The French ambassador Harcourt landed at Dover some days ago. He has not yet arrived in this city, his family and goods being carefully searched at every step. Parliament has summoned the merchants to learn what is the amount of his credit in this mart, but they have not discovered more than 4000l. sterling. Montegu crossed the sea with him, denounced by parliament as a traitor for having served the queen both here and in France. He tried to pass under a disguise, but being recognised, was arrested and sent to the Tower. They took from him letters from the queen mother for their Majesties. This has increased the suspicions about the ambassador. The same thing has happened to another gentleman who was going to meet the Count and pay his respects in the name of the queen.
The Ambassador Gorin, destined for France, has crossed the sea and is travelling through Holland to confer with the Prince of Orange. As the Ambassador Contarini has reached Cologne I shall not trouble your Excellencies with any more reports of events in the Netherlands.
London, the 16th October, 1643.
[Italian ; the part in italics deciphered.]
Oct. 18.
Senato, Secreta. Dispacci, Munster. Venetian Archives.
31. Alvise Contarini, Venetian Ambassador to the Congress of Munster, to the Doge and Senate.
The mission of the Count d'Arcurt to England has reawakened in the States feelings of jealousy on the subject of religion and proximity, to such an extent that they have brought up again the question of sending two ambassadors as was decided more than a year ago, but always put off owing to what was happening in that kingdom.
Cologne, the 18th October, 1643.
[Italian.]
Oct. 22.
Senato, Secreta. Deliberazioni. Corti. Venetian Archives.
32. To the Secretary in England.
Approval of his diligence in the matter of the currants and of his action in asking the king to permit his subjects of Bristol to go to the Levant islands to lade that fruit. This cannot fail to prove very helpful, and it will also serve to make the Levant Company anxious. He must continue to speak on the subject with those he may chance to meet and see that the permission is carried into effect, as with the progress of that affair the force of self interest will do more to move the Company than all the remonstrance and argument in the world, and the competition will be all to the advantage of Venetian interests and those of Venetian subjects.

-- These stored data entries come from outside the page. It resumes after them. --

(* Let $\mathscr{C}_n$ be the set of Catalan words of length $2n$. For every integer $m\ge 2$ and every $0\le r\le m-1$, $$\lim_{n\to\infty}\frac{\left|\{w\in\mathscr{C}_n:\ \mathrm{maj}(w)\equiv r\pmod m\}\right|}{|\mathscr{C}_n|}=\frac1m ,$$ where $|\mathscr{C}_n|=\frac{1}{n+1}\binom{2n}{n}$. That is, the major index over Catalan words of length $2n$ has the balanced property.
   Context: A Catalan word of length $2n$ is a sequence $w=w_1w_2\cdots w_{2n}$ consisting of $n$ zeros and $n$ ones such that no prefix contains more $1$'s than $0$'s. Its major index is $\mathrm{maj}(w)=\sum_{i:\,w_i>w_{i+1}} i$. A statistic $\xi$ on sets $Q_n$ has the balanced property if for every $m\ge 2$ and every $0\le r\le m-1$, $\lim_{n\to\infty}|\{\pi\in Q_n:\xi(\pi)\equiv r \pmod m\}|/|Q_n| = 1/m$. *)

theory Defs
  imports Complex_Main
begin

text \<open>A word is a list of naturals over the alphabet {0,1}; positions are 1-based in the paper,
  so letter w_i is the list entry w ! (i - 1).\<close>

definition catalan_words :: "nat \<Rightarrow> nat list set" where
  "catalan_words n = {w. length w = 2 * n \<and> set w \<subseteq> {0, 1}
      \<and> count_list w 0 = n \<and> count_list w 1 = n
      \<and> (\<forall>k \<le> length w. count_list (take k w) 1 \<le> count_list (take k w) 0)}"

definition maj :: "nat list \<Rightarrow> nat" where
  "maj w = (\<Sum>i \<in> {i. 1 \<le> i \<and> i < length w \<and> w ! (i - 1) > w ! i}. i)"

end

theory Submission
  imports Defs "HOL-Combinatorics.Multiset_Permutations"
begin

(* Cut a word of length 2n into consecutive blocks of length K = m + 4 (plus a short tail)
   and call the m blocks  W t = 0 0 1^t 0 1^(m+1-t),  1 <= t <= m,  special.  Each special
   block has exactly one descent, at position t + 2, and all special blocks have the same
   letter content, the same first and last letter and the same minimal prefix height.
   Hence replacing the FIRST special block W t of a word by W (t+1) (cyclically, W m by W 1)
   is an invertible map on Catalan words that contain a special block, and it increases the
   major index by exactly 1 modulo m.  So among these words maj is equidistributed mod m.
   The remaining Catalan words consist of blocks avoiding one fixed pattern, so there are at
   most 2^K (2^K - 1)^(2n div K) of them, whereas the cycle lemma gives at least
   binom(2n,n)/(2n+1) >= 4^n / (2n (2n+1)) Catalan words.  The exceptional fraction therefore
   tends to 0, which yields the limit 1/m. *)

subsection \<open>Descents and the major index of a concatenation\<close>

definition descents :: "nat list \<Rightarrow> nat set" where
  "descents w = {i. 1 \<le> i \<and> i < length w \<and> w ! (i - 1) > w ! i}"
(* For every $\varphi\in\Phi_\mathbb{Z}$, $\dim(\varphi)$ is an integer and $$\dim(\varphi)\equiv-\sum_{j=1}^d j\,\mu_{1,j}(\varphi)\pmod{b-1}.$$
   Context: Fix integers $b\ge2$, $d\ge1$. A function $f:\mathbb{R}\to\mathbb{R}\cup\{-\infty\}$ is called strictly increasing if it is nondecreasing and strictly increasing on the set where it is finite. $\Phi$ is the set of $d$-tuples $\varphi=(\varphi_1,\dots,\varphi_d)$ of functions $\mathbb{R}\to\mathbb{R}\cup\{-\infty\}$ such that: (1) $\varphi_1\ge\dots\ge\varphi_d$; (2) each $\varphi_i$ is strictly increasing and right-continuous; (3) for each $i$ there is $q_i\in\mathbb{R}$ such that $\varphi_i$ is finite exactly on $[q_i,+\infty[$, piecewise affine there with derivative $b$ almost everywhere, and $\varphi_i(q)=bq-q_i$ for $q$ large; (4) there exist strictly increasing right-continuous $\psi_1\le\dots\le\psi_d:\mathbb{R}\to\mathbb{R}\cup\{-\infty\}$ with $\#\{i:\varphi_i(q)=\mu\}=\#\{j:\psi_j(\mu)=q\}$ for all $(q,\mu)\in\mathbb{R}^2$ (uniquely determined). $\Phi_\mathbb{Z}$ is the set of $\varphi\in\Phi$ such that each $q_i\in\mathbb{Z}$ and each $\varphi_i$ has all discontinuity points in $\frac1b\mathbb{Z}$. Set $\varphi_i(-\infty)=\psi_j(-\infty)=-\infty$. For $1\le j\le d$, $\mu_{1,j}(\varphi)$ is the infimum of the reals $\mu$ such that either $\varphi_1(\psi_j(\mu))>\mu$, or $\varphi_1(\psi_j(\mu))=\mu$ and $\#\{i'\le 1:\varphi_{i'}(q)=\mu\}\le\#\{j'\le j:\psi_{j'}(\mu)=q\}$ with $q=\psi_j(\mu)$. With $\mathrm{Leb}$ the Lebesgue measure, $\dim(\varphi):=\sum_{1\le i<i'\le d}\mathrm{Leb}(\varphi_{i'}(\mathbb{R})\setminus\varphi_i(\mathbb{R}))$. *)

theory Defs
  imports "HOL-Analysis.Analysis"
begin

text \<open>Functions R -> R union {-infinity} are modelled as real => ereal never taking the value +infinity.
  Indices run over 1..d.\<close>

definition no_pinf :: "(real \<Rightarrow> ereal) \<Rightarrow> bool" where
  "no_pinf f \<longleftrightarrow> (\<forall>x. f x \<noteq> \<infinity>)"

definition strictly_incr :: "(real \<Rightarrow> ereal) \<Rightarrow> bool" where
  "strictly_incr f \<longleftrightarrow> mono f \<and>
     (\<forall>x y. x < y \<and> f x \<noteq> -\<infinity> \<and> f y \<noteq> -\<infinity> \<longrightarrow> f x < f y)"

definition right_cont :: "(real \<Rightarrow> ereal) \<Rightarrow> bool" where
  "right_cont f \<longleftrightarrow> (\<forall>x. continuous (at_right x) f)"

text \<open>Condition (3) with given q0: finite exactly on [q0,+inf[, piecewise affine there
  (finitely many break points S, affine of slope b on each piece, hence derivative b a.e.),
  and equal to b q - q0 for q large.\<close>
definition tail_cond :: "nat \<Rightarrow> (real \<Rightarrow> ereal) \<Rightarrow> real \<Rightarrow> bool" where
  "tail_cond b f q0 \<longleftrightarrow>
     (\<forall>x. f x \<noteq> -\<infinity> \<longleftrightarrow> q0 \<le> x) \<and>
     (\<exists>S. finite S \<and>
        (\<forall>x y. q0 < x \<and> x \<le> y \<and> (\<forall>s\<in>S. \<not> (x \<le> s \<and> s \<le> y)) \<longrightarrow>
               f y = f x + ereal (real b * (y - x)))) \<and>
     (\<exists>Q. \<forall>q\<ge>Q. f q = ereal (real b * q - q0))"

Enclose a copy of the decree of the Senate concerning the reduction of the duty on currants. (fn. 4) Acknowledge receipt of his letters of the 2nd inst.
Ayes, 72. Noes, 4. Neutral, 7.
[Italian.]
Oct. 23.
Senato, Secreta. Dispacci, Inghilterra. Venetian Archives.
33. Gerolamo Agostini, Venetian Secretary in England, to the Doge and Senate.
The present week has passed in disputes and quarrels between the two generals Essex and Waller. The former made a violent attack on the other in parliament, so that he was obliged to leave the army and come here to defend himself. The Lower House has employed persuasion and authority to reconcile them, but without success. Accordingly Waller decided to resign his commission, of which he subsequently informed the city Council, inveighing against the insolent pretensions of Essex. Many believe that seeing the difficulties of collecting a powerful army, the impossibility of keeping it satisfied and the difficult task which is set for the first enterprise, as will be related, he has seized the opportunity to retire in order to preserve the reputation which was impressed upon the common people, when Essex was under a cloud, to encourage the party and obtain contributions. Essex is busy in trying to checkmate this, since another member of parliament hostile to him has come forward and has laid an accusation against him, with 16 charges, from which he will have to clear himself or remain discredited.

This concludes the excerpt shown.